● EXERCISE REQUIREMENTS
Within the records below is a range that opens at the line with "real \<Rightarrow> nat" and closes at the line with "by L^2 exp (\<tau>". Return that range word for word, both ends included, and only that range.

Saved entries:
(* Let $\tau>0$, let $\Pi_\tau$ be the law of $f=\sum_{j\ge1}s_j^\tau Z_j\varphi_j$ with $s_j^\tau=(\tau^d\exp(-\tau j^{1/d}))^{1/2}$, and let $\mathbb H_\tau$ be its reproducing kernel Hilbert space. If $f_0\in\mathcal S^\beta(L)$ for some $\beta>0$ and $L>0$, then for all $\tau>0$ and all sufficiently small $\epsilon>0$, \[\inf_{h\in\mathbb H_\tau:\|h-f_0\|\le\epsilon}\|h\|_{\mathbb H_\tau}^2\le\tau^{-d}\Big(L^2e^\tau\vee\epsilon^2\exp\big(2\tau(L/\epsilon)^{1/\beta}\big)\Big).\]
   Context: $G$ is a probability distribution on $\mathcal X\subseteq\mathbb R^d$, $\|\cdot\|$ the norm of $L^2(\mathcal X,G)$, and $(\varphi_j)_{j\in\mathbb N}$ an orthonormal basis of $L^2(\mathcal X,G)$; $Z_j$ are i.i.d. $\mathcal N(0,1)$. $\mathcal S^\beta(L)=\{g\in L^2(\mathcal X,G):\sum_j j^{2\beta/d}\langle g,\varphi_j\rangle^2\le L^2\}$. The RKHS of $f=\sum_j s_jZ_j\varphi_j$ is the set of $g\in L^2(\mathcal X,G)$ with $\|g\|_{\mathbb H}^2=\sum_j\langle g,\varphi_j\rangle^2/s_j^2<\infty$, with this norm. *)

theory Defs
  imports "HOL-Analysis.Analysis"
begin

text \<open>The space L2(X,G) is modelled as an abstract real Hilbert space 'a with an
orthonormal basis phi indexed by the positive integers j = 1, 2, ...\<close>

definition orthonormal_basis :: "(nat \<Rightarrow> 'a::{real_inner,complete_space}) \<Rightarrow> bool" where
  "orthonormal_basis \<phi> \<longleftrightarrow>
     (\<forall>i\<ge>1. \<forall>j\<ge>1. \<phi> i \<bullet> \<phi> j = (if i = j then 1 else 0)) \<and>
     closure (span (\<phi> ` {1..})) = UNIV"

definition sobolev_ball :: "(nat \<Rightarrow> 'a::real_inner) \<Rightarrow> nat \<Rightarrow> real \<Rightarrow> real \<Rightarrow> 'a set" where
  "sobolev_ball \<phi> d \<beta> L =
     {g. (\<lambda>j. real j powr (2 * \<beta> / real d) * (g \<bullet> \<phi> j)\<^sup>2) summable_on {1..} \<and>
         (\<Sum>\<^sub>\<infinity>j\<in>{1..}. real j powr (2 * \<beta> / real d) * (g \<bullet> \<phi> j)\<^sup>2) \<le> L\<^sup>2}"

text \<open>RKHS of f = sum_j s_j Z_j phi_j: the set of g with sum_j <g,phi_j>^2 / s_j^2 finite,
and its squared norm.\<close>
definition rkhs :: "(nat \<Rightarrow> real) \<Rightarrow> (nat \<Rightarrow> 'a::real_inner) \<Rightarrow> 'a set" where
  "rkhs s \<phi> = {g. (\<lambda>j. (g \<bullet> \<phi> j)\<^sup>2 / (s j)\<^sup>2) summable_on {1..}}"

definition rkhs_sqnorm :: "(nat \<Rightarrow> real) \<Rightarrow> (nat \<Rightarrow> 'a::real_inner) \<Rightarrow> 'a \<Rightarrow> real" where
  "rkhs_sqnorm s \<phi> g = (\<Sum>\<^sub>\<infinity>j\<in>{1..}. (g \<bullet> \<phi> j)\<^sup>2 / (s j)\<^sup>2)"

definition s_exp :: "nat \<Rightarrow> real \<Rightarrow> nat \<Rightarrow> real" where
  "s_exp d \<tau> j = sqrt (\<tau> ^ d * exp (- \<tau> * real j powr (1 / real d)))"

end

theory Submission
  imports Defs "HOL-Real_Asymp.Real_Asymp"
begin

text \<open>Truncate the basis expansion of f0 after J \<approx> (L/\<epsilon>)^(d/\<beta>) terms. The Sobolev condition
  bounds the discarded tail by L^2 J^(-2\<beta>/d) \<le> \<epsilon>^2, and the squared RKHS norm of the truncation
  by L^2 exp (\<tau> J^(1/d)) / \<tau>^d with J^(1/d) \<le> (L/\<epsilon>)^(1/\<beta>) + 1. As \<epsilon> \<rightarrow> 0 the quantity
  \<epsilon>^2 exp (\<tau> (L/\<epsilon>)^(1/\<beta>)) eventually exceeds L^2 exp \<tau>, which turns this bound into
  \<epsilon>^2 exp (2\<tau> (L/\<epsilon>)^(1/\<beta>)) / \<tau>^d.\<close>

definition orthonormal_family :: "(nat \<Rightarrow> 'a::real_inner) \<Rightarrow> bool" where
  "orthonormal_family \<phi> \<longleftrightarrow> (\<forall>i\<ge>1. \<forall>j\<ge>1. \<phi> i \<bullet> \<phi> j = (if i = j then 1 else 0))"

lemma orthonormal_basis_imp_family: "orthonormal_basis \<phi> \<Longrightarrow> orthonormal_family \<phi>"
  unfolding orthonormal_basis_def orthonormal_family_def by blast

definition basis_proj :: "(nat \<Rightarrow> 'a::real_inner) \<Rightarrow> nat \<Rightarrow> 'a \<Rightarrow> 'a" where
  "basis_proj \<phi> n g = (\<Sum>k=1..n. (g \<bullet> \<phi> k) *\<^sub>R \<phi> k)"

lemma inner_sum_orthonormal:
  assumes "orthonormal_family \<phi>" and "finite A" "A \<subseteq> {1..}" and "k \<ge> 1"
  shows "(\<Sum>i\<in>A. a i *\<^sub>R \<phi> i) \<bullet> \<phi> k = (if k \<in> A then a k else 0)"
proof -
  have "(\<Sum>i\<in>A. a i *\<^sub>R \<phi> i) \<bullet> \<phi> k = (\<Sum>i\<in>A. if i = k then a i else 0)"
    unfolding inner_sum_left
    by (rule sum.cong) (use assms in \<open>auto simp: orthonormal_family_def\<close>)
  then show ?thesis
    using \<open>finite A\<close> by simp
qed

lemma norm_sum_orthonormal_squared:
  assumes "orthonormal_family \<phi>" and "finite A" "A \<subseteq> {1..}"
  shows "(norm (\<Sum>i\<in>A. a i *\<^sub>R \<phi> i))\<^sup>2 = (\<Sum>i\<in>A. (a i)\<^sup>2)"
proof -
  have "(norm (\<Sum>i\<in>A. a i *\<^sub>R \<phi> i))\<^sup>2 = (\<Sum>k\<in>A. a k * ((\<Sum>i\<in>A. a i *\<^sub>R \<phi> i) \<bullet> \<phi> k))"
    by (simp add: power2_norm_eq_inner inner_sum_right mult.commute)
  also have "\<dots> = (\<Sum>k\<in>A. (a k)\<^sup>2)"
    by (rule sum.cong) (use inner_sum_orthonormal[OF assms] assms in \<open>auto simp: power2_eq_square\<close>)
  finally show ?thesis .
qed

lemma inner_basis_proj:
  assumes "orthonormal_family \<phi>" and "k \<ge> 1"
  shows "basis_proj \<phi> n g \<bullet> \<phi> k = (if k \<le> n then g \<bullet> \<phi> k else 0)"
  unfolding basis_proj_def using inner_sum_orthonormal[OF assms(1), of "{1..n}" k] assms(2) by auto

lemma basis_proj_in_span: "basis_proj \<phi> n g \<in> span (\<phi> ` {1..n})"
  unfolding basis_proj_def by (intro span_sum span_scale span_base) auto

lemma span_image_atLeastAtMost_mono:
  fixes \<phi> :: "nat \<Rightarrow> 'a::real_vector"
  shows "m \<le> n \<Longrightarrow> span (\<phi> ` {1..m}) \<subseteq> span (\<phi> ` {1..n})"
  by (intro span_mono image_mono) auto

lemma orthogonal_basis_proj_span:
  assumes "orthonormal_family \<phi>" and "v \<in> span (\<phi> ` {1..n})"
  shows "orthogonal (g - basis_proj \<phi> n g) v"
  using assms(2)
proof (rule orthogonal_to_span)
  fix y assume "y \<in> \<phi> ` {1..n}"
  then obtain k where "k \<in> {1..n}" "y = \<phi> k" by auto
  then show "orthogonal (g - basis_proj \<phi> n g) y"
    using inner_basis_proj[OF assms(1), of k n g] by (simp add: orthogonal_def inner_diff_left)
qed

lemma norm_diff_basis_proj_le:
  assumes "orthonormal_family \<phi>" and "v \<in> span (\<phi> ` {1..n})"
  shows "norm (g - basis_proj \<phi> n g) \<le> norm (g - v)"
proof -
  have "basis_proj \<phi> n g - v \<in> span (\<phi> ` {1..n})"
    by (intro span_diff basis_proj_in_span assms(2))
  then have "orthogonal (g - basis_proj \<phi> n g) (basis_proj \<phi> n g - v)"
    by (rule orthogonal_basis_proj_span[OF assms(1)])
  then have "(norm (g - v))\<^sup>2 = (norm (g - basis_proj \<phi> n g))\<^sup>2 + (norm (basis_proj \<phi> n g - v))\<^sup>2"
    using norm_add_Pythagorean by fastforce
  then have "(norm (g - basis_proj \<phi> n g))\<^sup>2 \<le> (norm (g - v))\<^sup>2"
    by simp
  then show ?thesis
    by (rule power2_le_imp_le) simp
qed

● RESPONSE TO THIS TASK
definition s_exp :: "nat \<Rightarrow> real \<Rightarrow> nat \<Rightarrow> real" where
  "s_exp d \<tau> j = sqrt (\<tau> ^ d * exp (- \<tau> * real j powr (1 / real d)))"

end

theory Submission
  imports Defs "HOL-Real_Asymp.Real_Asymp"
begin

text \<open>Truncate the basis expansion of f0 after J \<approx> (L/\<epsilon>)^(d/\<beta>) terms. The Sobolev condition
  bounds the discarded tail by L^2 J^(-2\<beta>/d) \<le> \<epsilon>^2, and the squared RKHS norm of the truncation
  by L^2 exp (\<tau> J^(1/d)) / \<tau>^d with J^(1/d) \<le> (L/\<epsilon>)^(1/\<beta>) + 1. As \<epsilon> \<rightarrow> 0 the quantity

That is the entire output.